Well, I’m late once again to the party, but having just this week stumbled upon the G-Spot at Muso Magazine, how could I not be expected to voice my indignation? (Hat tip to Matt Marks for mentioning Muso in a tweet.)

Let’s be non-coy, for a moment, in contrast to the saccharine and eyelash-batting tone that Muso adopts: What’s a section called “The G-Spot”—after the Gräfenberg spot—doing in a classical music magazine? If you couldn’t bring yourself to click the link above (and I wouldn’t blame you) the G-Spot is a collection of publicity photographs of classical musicians accompanied by mildly saucy blurbs lauding their looks alongside their musical skills. Naturally these passages are very restrained, but the sentiment is unmistakable: What these musicians have to offer is, at best, an even split between art and sexiness.

This is a tremendously insulting proposition. Consider Michel van der Aa, a Dutch composer whose music I wrote about here a few years back: The G-Spot opines that “if his music is as beautiful as his eyes, we are going to be in serious trouble”; without disputing that Michel is not a terrible-looking fella, I have to ask why someone from Muso didn’t pay a visit to his content-rich web site and listen to some of his music. To observe that someone’s music is more or less beautiful than his eyes—his eyes!—is about the most superficial judgment one can make about our quadrivial enterprise, but it’s not like we have to speculate wildly about Van der Aa’s work, samples of which are readily available online. In this case, Muso is writing about a musician’s attractive physical traits instead of, rather than in addition to, what his intellect has to offer the world.

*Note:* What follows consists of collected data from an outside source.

lemma step_mean_gen: "x \<in> S \<Longrightarrow> step_mean f x = f x + gen lam f x / q x"
  using qrate_pos[of x]
  unfolding step_mean_def gen_def qrate_def trans_prob_def
  by (simp add: field_simps sum_divide_distrib[symmetric] sum_subtractf sum_distrib_left sum_distrib_right)

lemma step_mean_ge_jump:
  assumes "x \<in> S" "\<eta> \<in> J" "\<And>y. y \<in> S \<Longrightarrow> 0 \<le> F y"
  shows "trans_prob x \<eta> * F (shift x \<eta>) \<le> step_mean F x"
  unfolding step_mean_def
proof (rule member_le_sum[OF assms(2) _ finite_jumps])
  fix \<eta>'
  show "0 \<le> trans_prob x \<eta>' * F (shift x \<eta>')"
  proof (cases "lam \<eta>' x = 0")
    case False
    then show ?thesis using shift_mem[OF assms(1) False] assms(3) trans_prob_nonneg by simp
  qed (simp add: trans_prob_def)
qed

text \<open>\<open>stopped_value B g h n x\<close> is the expectation, for the jump chain started at \<open>x\<close> and its
  hitting time \<open>\<tau>\<close> of \<open>B\<close>, of \<open>g(X\<^sub>\<tau>)\<close> on \<open>\<tau> \<le> n\<close> and of \<open>h(X\<^sub>n)\<close> on \<open>\<tau> > n\<close>;
  \<open>mean_hitting_time B n x\<close> is the expected real time elapsed before \<open>min \<tau> n\<close> jumps.\<close>

primrec stopped_value :: "nat set \<Rightarrow> (nat \<Rightarrow> real) \<Rightarrow> (nat \<Rightarrow> real) \<Rightarrow> nat \<Rightarrow> nat \<Rightarrow> real" where
  "stopped_value B g h 0 x = (if x \<in> B then g x else h x)"
| "stopped_value B g h (Suc n) x =
     (if x \<in> B then g x else step_mean (stopped_value B g h n) x)"

abbreviation survival :: "nat set \<Rightarrow> nat \<Rightarrow> nat \<Rightarrow> real" where
  "survival B \<equiv> stopped_value B (\<lambda>_. 0) (\<lambda>_. 1)"

primrec mean_hitting_time :: "nat set \<Rightarrow> nat \<Rightarrow> nat \<Rightarrow> real" where
  "mean_hitting_time B 0 x = 0"
| "mean_hitting_time B (Suc n) x =
     (if x \<in> B then 0 else 1 / q x + step_mean (mean_hitting_time B n) x)"

lemma mean_hitting_time_nonneg: "x \<in> S \<Longrightarrow> 0 \<le> mean_hitting_time B n x"
proof (induction n arbitrary: x)
  case (Suc n)
  then show ?case using step_mean_nonneg qrate_nonneg by simp
qed simp

lemma survival_nonneg: "x \<in> S \<Longrightarrow> 0 \<le> survival B n x"
  by (induction n arbitrary: x) (auto intro: step_mean_nonneg)

lemma survival_le_1: "x \<in> S \<Longrightarrow> survival B n x \<le> 1"
proof (induction n arbitrary: x)
  case (Suc n)
  then show ?case using step_mean_mono[of x _ "\<lambda>_. 1"] step_mean_const by fastforce
qed simp

lemma survival_antimono:
  "x \<in> S \<Longrightarrow> B \<subseteq> B' \<Longrightarrow> survival B' n x \<le> survival B n x"
proof (induction n arbitrary: x)
  case (Suc n)
  then show ?case
    using step_mean_mono[of x "survival B' n" "survival B n"] survival_nonneg[of x B "Suc n"]
    by (cases "x \<in> B'") auto
qed auto

lemma mean_hitting_time_antimono:
  "x \<in> S \<Longrightarrow> B \<subseteq> B' \<Longrightarrow> mean_hitting_time B' n x \<le> mean_hitting_time B n x"
proof (induction n arbitrary: x)
  case (Suc n)
  then show ?case
    using step_mean_mono[of x "mean_hitting_time B' n" "mean_hitting_time B n"]
      mean_hitting_time_nonneg[of x B "Suc n"]
    by (cases "x \<in> B'") auto
qed simp

lemma le_stopped_value_of_subharmonic:
  assumes "\<And>x. x \<in> S \<Longrightarrow> x \<notin> B \<Longrightarrow> 0 \<le> gen lam f x"
  shows "x \<in> S \<Longrightarrow> f x \<le> stopped_value B f f n x"
proof (induction n arbitrary: x)
  case (Suc n)
  show ?case
  proof (cases "x \<in> B")
    case False
    have "f x \<le> step_mean f x"
      using step_mean_gen[OF Suc.prems] assms[OF Suc.prems False] qrate_pos[OF Suc.prems] by simp
    also have "\<dots> \<le> step_mean (stopped_value B f f n) x"
      by (rule step_mean_mono[OF Suc.prems Suc.IH])
    finally show ?thesis using False by simp
  qed simp
qed simp

lemma stopped_value_le_drift:
  assumes "\<And>x. x \<in> S \<Longrightarrow> x \<notin> B \<Longrightarrow> gen lam f x \<le> C" "0 \<le> C"
  shows "x \<in> S \<Longrightarrow> stopped_value B f f n x \<le> f x + C * mean_hitting_time B n x"
proof (induction n arbitrary: x)
  case (Suc n)
  show ?case
  proof (cases "x \<in> B")
    case False
    have "step_mean (stopped_value B f f n) x
        \<le> step_mean (\<lambda>y. f y + C * mean_hitting_time B n y) x"
      by (rule step_mean_mono[OF Suc.prems Suc.IH])
    also have "\<dots> = step_mean f x + C * step_mean (mean_hitting_time B n) x"
      by (rule step_mean_linear)
    also have "\<dots> \<le> f x + C / q x + C * step_mean (mean_hitting_time B n) x"
      using step_mean_gen[OF Suc.prems] assms(1)[OF Suc.prems False] qrate_pos[OF Suc.prems]
      by (simp add: divide_right_mono)
    finally show ?thesis using False by (simp add: algebra_simps)
  qed simp
qed simp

The retreat of classical music into celebrity culture has taken an alarming turn: Part of Osmo Vänskä’s appeal to Minnesotans, for example, is that he is a sort of local mascot for classical music; his name is synonymous with consecrated musical activity in the Twin Cities, just as is George Clooney’s with integrity and earnestness in Hollywood films, so to some extent what he actually does as a musician is no longer important—he can be trusted to deliver a certain kind of experience. In contrast, Rudens Turku, the top-rated male on the G-Spot, is a “hunk with a heart.” Muso’s profile also notes his charitable and educational activities and his tenuous connection to “world-famous ladies’ man Bill Clinton.” Unlike many of the female musicians on the G-Spot, Turku is pictured with his instrument, but the nature of his relationship to it—his actual job, in other words—isn’t mentioned.

I’m all for un-starching classical music, but this is a project that should be pursued through demystification, democratization, and critique—in short, by concentrating the field on music, not its ancillary marketables.